▶ Work request:
What lines of the data hold the string "epsilon"? Copy them all.
───── Data section
lemma outcome_monotone: "z \<in> space P \<Longrightarrow> Ypo False False z \<Longrightarrow> Ypo True False z"
  using monotonicity by (auto simp: le_bool_def)

lemma exposure_indep_potentials:
  "AE w in P. cprob P X ({z\<in>space P. A z = a} \<inter> {z\<in>space P. Q (Ypo True True z) (Ypo True False z)
        (Ypo False True z) (Ypo False False z) (Mpo True z) (Mpo False z)}) w
     = cprob P X {z\<in>space P. A z = a} w * cprob P X {z\<in>space P. Q (Ypo True True z) (Ypo True False z)
        (Ypo False True z) (Ypo False False z) (Mpo True z) (Mpo False z)} w"
  using cond_indep_disc_events[OF prob_space_axioms X_meas exposure_ignorable,
      of "{a}" "{(y11, y10, y01, y00, m1, m0). Q y11 y10 y01 y00 m1 m0}"]
  by simp measurable

lemma potentials_indep_mediators:
  "AE w in P. cprob P X ({z\<in>space P. Q (Ypo True True z) (Ypo True False z) (Ypo False True z)
        (Ypo False False z)} \<inter> {z\<in>space P. R (Mpo True z) (Mpo False z)}) w
     = cprob P X {z\<in>space P. Q (Ypo True True z) (Ypo True False z) (Ypo False True z)
        (Ypo False False z)} w * cprob P X {z\<in>space P. R (Mpo True z) (Mpo False z)} w"
  using cond_indep_disc_events[OF prob_space_axioms X_meas cross_world_indep,
      of "{(y11, y10, y01, y00). Q y11 y10 y01 y00}" "{(m1, m0). R m1 m0}"]
  by simp measurable

lemma principal_stratum_eq:
  "{z\<in>space P. Ypo True (Mpo True z) z \<and> \<not> Mpo True z} = {z\<in>space P. Ypo True False z \<and> \<not> Mpo True z}"
  by auto

lemma cprob_principal_stratum_factors:
  "AE w in P. cprob P X {z\<in>space P. Ypo True (Mpo True z) z \<and> \<not> Mpo True z} w
     = cprob P X {z\<in>space P. Ypo True False z} w * cprob P X {z\<in>space P. \<not> Mpo True z} w"
proof -
  have "{z\<in>space P. Ypo True False z} \<inter> {z\<in>space P. \<not> Mpo True z}
      = {z\<in>space P. Ypo True (Mpo True z) z \<and> \<not> Mpo True z}"
    by auto
  then show ?thesis
    using potentials_indep_mediators[of "\<lambda>_ y10 _ _. y10" "\<lambda>m1 _. \<not> m1"] by simp
qed

lemma cprob_zeta_event_Int_stratum_factors:
  "AE w in P. cprob P X ({z\<in>space P. Ypo True (Mpo False z) z \<and> \<not> Ypo False (Mpo False z) z}
        \<inter> {z\<in>space P. Ypo True (Mpo True z) z \<and> \<not> Mpo True z}) w
     = cprob P X {z\<in>space P. Ypo True False z \<and> \<not> Ypo False False z} w
       * cprob P X {z\<in>space P. \<not> Mpo True z} w"
proof -
  have "{z\<in>space P. Ypo True False z \<and> \<not> Ypo False False z} \<inter> {z\<in>space P. \<not> Mpo True z}
      = {z\<in>space P. Ypo True (Mpo False z) z \<and> \<not> Ypo False (Mpo False z) z}
        \<inter> {z\<in>space P. Ypo True (Mpo True z) z \<and> \<not> Mpo True z}"
    by (auto simp: mediator_monotone)
  then show ?thesis
    using potentials_indep_mediators[of "\<lambda>_ y10 _ y00. y10 \<and> \<not> y00" "\<lambda>m1 _. \<not> m1"] by simp
qed

lemma cprob_Y10_split:
  "AE w in P. cprob P X {z\<in>space P. Ypo True False z} w
     = cprob P X {z\<in>space P. Ypo True False z \<and> \<not> Ypo False False z} w
       + cprob P X {z\<in>space P. Ypo False False z} w"
proof -
  have "{z\<in>space P. Ypo True False z}
      = {z\<in>space P. Ypo True False z \<and> \<not> Ypo False False z} \<union> {z\<in>space P. Ypo False False z}"
    using outcome_monotone by auto
  moreover have "AE w in P.
      cprob P X ({z\<in>space P. Ypo True False z \<and> \<not> Ypo False False z} \<union> {z\<in>space P. Ypo False False z}) w
      = cprob P X {z\<in>space P. Ypo True False z \<and> \<not> Ypo False False z} w
        + cprob P X {z\<in>space P. Ypo False False z} w"
    by (rule cprob_Un_disjoint[OF prob_space_axioms X_meas]) auto
  ultimately show ?thesis by simp
qed

lemma delta_event_Int_stratum:
  "{z\<in>space P. \<not> Ypo False (Mpo False z) z} \<inter> {z\<in>space P. Ypo True (Mpo True z) z \<and> \<not> Mpo True z}
   = {z\<in>space P. Ypo True (Mpo False z) z \<and> \<not> Ypo False (Mpo False z) z}
     \<inter> {z\<in>space P. Ypo True (Mpo True z) z \<and> \<not> Mpo True z}"
  by (auto simp: mediator_monotone)

lemma psi_event_Int_stratum:
  "{z\<in>space P. \<not> Ypo True (Mpo False z) z \<and> \<not> Ypo False (Mpo False z) z}
     \<inter> {z\<in>space P. Ypo True (Mpo True z) z \<and> \<not> Mpo True z} = {}"
  by (auto simp: mediator_monotone)

lemma cprob_treated_unmediated_factors:
  "AE w in P. cprob P X {z\<in>space P. A z = True \<and> Mo z = False} w
     = cprob P X {z\<in>space P. A z = True} w * cprob P X {z\<in>space P. \<not> Mpo True z} w"
proof -
  have "{z\<in>space P. A z = True} \<inter> {z\<in>space P. \<not> Mpo True z} = {z\<in>space P. A z = True \<and> Mo z = False}"
    using consistency_M by fastforce
  then show ?thesis
    using exposure_indep_potentials[of True "\<lambda>_ _ _ _ m1 _. \<not> m1"] by simp
qed

lemma cprob_outcome_treated_unmediated_factors:
  "AE w in P. cprob P X ({z\<in>space P. Yo z} \<inter> {z\<in>space P. A z = True \<and> Mo z = False}) w
     = cprob P X {z\<in>space P. A z = True} w
       * cprob P X {z\<in>space P. Ypo True (Mpo True z) z \<and> \<not> Mpo True z} w"
proof -
  have "{z\<in>space P. A z = True} \<inter> {z\<in>space P. Ypo True False z \<and> \<not> Mpo True z}
      = {z\<in>space P. Yo z} \<inter> {z\<in>space P. A z = True \<and> Mo z = False}"
    using consistency_Y consistency_M by fastforce
  then show ?thesis
    unfolding principal_stratum_eq using exposure_indep_potentials[of True "\<lambda>_ y10 _ _ m1 _. y10 \<and> \<not> m1"]
    by simp
qed

lemma cprob_untreated_unmediated_factors:
  "AE w in P. cprob P X {z\<in>space P. A z = False \<and> Mo z = False} w
     = cprob P X {z\<in>space P. A z = False} w * cprob P X {z\<in>space P. \<not> Mpo False z} w"
proof -
  have "{z\<in>space P. A z = False} \<inter> {z\<in>space P. \<not> Mpo False z} = {z\<in>space P. A z = False \<and> Mo z = False}"
    using consistency_M by fastforce
  then show ?thesis
    using exposure_indep_potentials[of False "\<lambda>_ _ _ _ _ m0. \<not> m0"] by simp
qed

lemma cprob_outcome_untreated_unmediated_factors:
  "AE w in P. cprob P X ({z\<in>space P. Yo z} \<inter> {z\<in>space P. A z = False \<and> Mo z = False}) w
     = cprob P X {z\<in>space P. A z = False} w * cprob P X {z\<in>space P. Ypo False False z} w
       * cprob P X {z\<in>space P. \<not> Mpo False z} w"
proof -
  have "{z\<in>space P. A z = False} \<inter> {z\<in>space P. Ypo False False z \<and> \<not> Mpo False z}
      = {z\<in>space P. Yo z} \<inter> {z\<in>space P. A z = False \<and> Mo z = False}"
    using consistency_Y consistency_M by fastforce
  then have "AE w in P. cprob P X ({z\<in>space P. Yo z} \<inter> {z\<in>space P. A z = False \<and> Mo z = False}) w
     = cprob P X {z\<in>space P. A z = False} w * cprob P X {z\<in>space P. Ypo False False z \<and> \<not> Mpo False z} w"
    using exposure_indep_potentials[of False "\<lambda>_ _ _ y00 _ m0. y00 \<and> \<not> m0"] by simp
  moreover have "{z\<in>space P. Ypo False False z} \<inter> {z\<in>space P. \<not> Mpo False z}
      = {z\<in>space P. Ypo False False z \<and> \<not> Mpo False z}"
    by auto
  then have "AE w in P. cprob P X {z\<in>space P. Ypo False False z \<and> \<not> Mpo False z} w
     = cprob P X {z\<in>space P. Ypo False False z} w * cprob P X {z\<in>space P. \<not> Mpo False z} w"
    using potentials_indep_mediators[of "\<lambda>_ _ _ y00. y00" "\<lambda>_ m0. \<not> m0"] by simp
  ultimately show ?thesis by eventually_elim (simp add: mult.assoc)
qed

lemma mu10_identifies_treated_outcome:
  "AE w in P. cprob P X {z\<in>space P. A z = True \<and> Mo z = False} w \<noteq> 0 \<longrightarrow>
     ccprob P X {z\<in>space P. Yo z} {z\<in>space P. A z = True \<and> Mo z = False} w
     = cprob P X {z\<in>space P. Ypo True False z} w"
  using cprob_outcome_treated_unmediated_factors cprob_treated_unmediated_factors
    cprob_principal_stratum_factors
  by eventually_elim (simp add: ccprob_def)

lemma mu00_identifies_control_outcome:
  "AE w in P. cprob P X {z\<in>space P. A z = False \<and> Mo z = False} w \<noteq> 0 \<longrightarrow>
     ccprob P X {z\<in>space P. Yo z} {z\<in>space P. A z = False \<and> Mo z = False} w
     = cprob P X {z\<in>space P. Ypo False False z} w"
  using cprob_outcome_untreated_unmediated_factors cprob_untreated_unmediated_factors
  by eventually_elim (simp add: ccprob_def)

lemma zeta_identified:
  "AE w in P. cprob P X {z\<in>space P. Ypo True (Mpo True z) z \<and> \<not> Mpo True z} w \<noteq> 0 \<longrightarrow>
     ccprob P X {z\<in>space P. Ypo True (Mpo False z) z \<and> \<not> Ypo False (Mpo False z) z}
       {z\<in>space P. Ypo True (Mpo True z) z \<and> \<not> Mpo True z} w
     = 1 - cprob P X {z\<in>space P. Ypo False False z} w / cprob P X {z\<in>space P. Ypo True False z} w"
  using cprob_zeta_event_Int_stratum_factors cprob_principal_stratum_factors cprob_Y10_split
proof eventually_elim
  case (elim w)
  let ?c = "\<lambda>E. cprob P X E w"
  have "?c {z\<in>space P. Ypo True False z \<and> \<not> Ypo False False z}
      = ?c {z\<in>space P. Ypo True False z} - ?c {z\<in>space P. Ypo False False z}"
    using elim(3) by simp
  then show ?case
    unfolding ccprob_def elim(1) elim(2) by (auto simp: field_simps)
qed

lemma delta_eq_zeta:
  "ccprob P X {z\<in>space P. \<not> Ypo False (Mpo False z) z}
     {z\<in>space P. Ypo True (Mpo True z) z \<and> \<not> Mpo True z} w
   = ccprob P X {z\<in>space P. Ypo True (Mpo False z) z \<and> \<not> Ypo False (Mpo False z) z}
     {z\<in>space P. Ypo True (Mpo True z) z \<and> \<not> Mpo True z} w"
  unfolding ccprob_def delta_event_Int_stratum ..

lemma psi_vanishes:
  "AE w in P. ccprob P X {z\<in>space P. \<not> Ypo True (Mpo False z) z \<and> \<not> Ypo False (Mpo False z) z}
     {z\<in>space P. Ypo True (Mpo True z) z \<and> \<not> Mpo True z} w = 0"
  using cprob_empty[OF prob_space_axioms X_meas]
  unfolding ccprob_def psi_event_Int_stratum by eventually_elim simp

end

theorem proposition11:
  fixes P :: "'w measure"
    and X :: "'w \<Rightarrow> real ^ 'd"
    and A Mo Yo :: "'w \<Rightarrow> bool"
    and Ypo :: "bool \<Rightarrow> bool \<Rightarrow> 'w \<Rightarrow> bool"
    and Mpo :: "bool \<Rightarrow> 'w \<Rightarrow> bool"
    and \<epsilon> :: real
  assumes prob: "prob_space P"
    and X_meas: "X \<in> borel_measurable P"
    and A_meas: "A \<in> measurable P (count_space UNIV)"
    and Mo_meas: "Mo \<in> measurable P (count_space UNIV)"
    and Yo_meas: "Yo \<in> measurable P (count_space UNIV)"
    and Ypo_meas: "\<And>a m. Ypo a m \<in> measurable P (count_space UNIV)"
    and Mpo_meas: "\<And>a. Mpo a \<in> measurable P (count_space UNIV)"
    \<comment> \<open>(A1) consistency\<close>
    and A1_Y: "\<And>w a m. w \<in> space P \<Longrightarrow> A w = a \<Longrightarrow> Mo w = m \<Longrightarrow> Yo w = Ypo a m w"
    and A1_M: "\<And>w a. w \<in> space P \<Longrightarrow> A w = a \<Longrightarrow> Mo w = Mpo a w"
    \<comment> \<open>(A2) monotonicity\<close>
    and A2: "\<And>w. w \<in> space P \<Longrightarrow>
               Ypo True False w \<le> Ypo True True w \<and> Ypo False False w \<le> Ypo True False w
             \<and> Ypo False True w \<le> Ypo True True w \<and> Mpo False w \<le> Mpo True w"
    \<comment> \<open>(A3) exposure ignorability\<close>
    and A3: "cond_indep_disc P X A
               (\<lambda>w. (Ypo True True w, Ypo True False w, Ypo False True w, Ypo False False w,
                     Mpo True w, Mpo False w))"
    \<comment> \<open>(A4) cross-world independence of potential outcomes and potential mediators\<close>
    and A4: "cond_indep_disc P X
               (\<lambda>w. (Ypo True True w, Ypo True False w, Ypo False True w, Ypo False False w))
               (\<lambda>w. (Mpo True w, Mpo False w))"
    \<comment> \<open>(A5), (A6) positivity\<close>
    and eps_pos: "\<epsilon> > 0"
    and A5: "AE w in P. \<forall>a m. cprob P X {z\<in>space P. A z = a \<and> Mo z = m} w \<ge> \<epsilon>"
    and A6: "AE w in P. ccprob P X {z\<in>space P. Yo z} {z\<in>space P. A z = True \<and> Mo z = True} w \<ge> \<epsilon>"
  shows "AE w in P.
           cprob P X {z\<in>space P. Ypo True (Mpo True z) z \<and> \<not> Mpo True z} w > 0 \<longrightarrow>
           (let C = {z\<in>space P. Ypo True (Mpo True z) z \<and> \<not> Mpo True z};
                mu00 = ccprob P X {z\<in>space P. Yo z} {z\<in>space P. A z = False \<and> Mo z = False} w;
                mu10 = ccprob P X {z\<in>space P. Yo z} {z\<in>space P. A z = True \<and> Mo z = False} w;
                \<delta>' = ccprob P X {z\<in>space P. \<not> Ypo False (Mpo False z) z} C w;
                \<psi>' = ccprob P X {z\<in>space P. \<not> Ypo True (Mpo False z) z \<and> \<not> Ypo False (Mpo False z) z} C w;
                \<zeta>' = ccprob P X {z\<in>space P. Ypo True (Mpo False z) z \<and> \<not> Ypo False (Mpo False z) z} C w
            in \<zeta>' = 1 - mu00 / mu10 \<and> \<delta>' = \<zeta>' \<and> \<psi>' = 0)"
proof -
  interpret mediation_model P X A Mo Yo Ypo Mpo
    unfolding mediation_model_def mediation_model_axioms_def
    using prob X_meas A_meas Mo_meas Yo_meas Ypo_meas Mpo_meas A1_Y A1_M A2 A3 A4 by blast
  have positivity: "AE w in P. cprob P X {z\<in>space P. A z = True \<and> Mo z = False} w > 0
      \<and> cprob P X {z\<in>space P. A z = False \<and> Mo z = False} w > 0"
    using A5
  proof eventually_elim
    case (elim w)
    show ?case using elim[rule_format, of True False] elim[rule_format, of False False] eps_pos
      by simp
  qed
  show ?thesis
    using positivity mu10_identifies_treated_outcome mu00_identifies_control_outcome
      zeta_identified psi_vanishes
    by eventually_elim (auto simp: Let_def delta_eq_zeta)
qed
──────────
▶ Task answer:
    and \<epsilon> :: real
    and eps_pos: "\<epsilon> > 0"
    and A5: "AE w in P. \<forall>a m. cprob P X {z\<in>space P. A z = a \<and> Mo z = m} w \<ge> \<epsilon>"
    and A6: "AE w in P. ccprob P X {z\<in>space P. Yo z} {z\<in>space P. A z = True \<and> Mo z = True} w \<ge> \<epsilon>"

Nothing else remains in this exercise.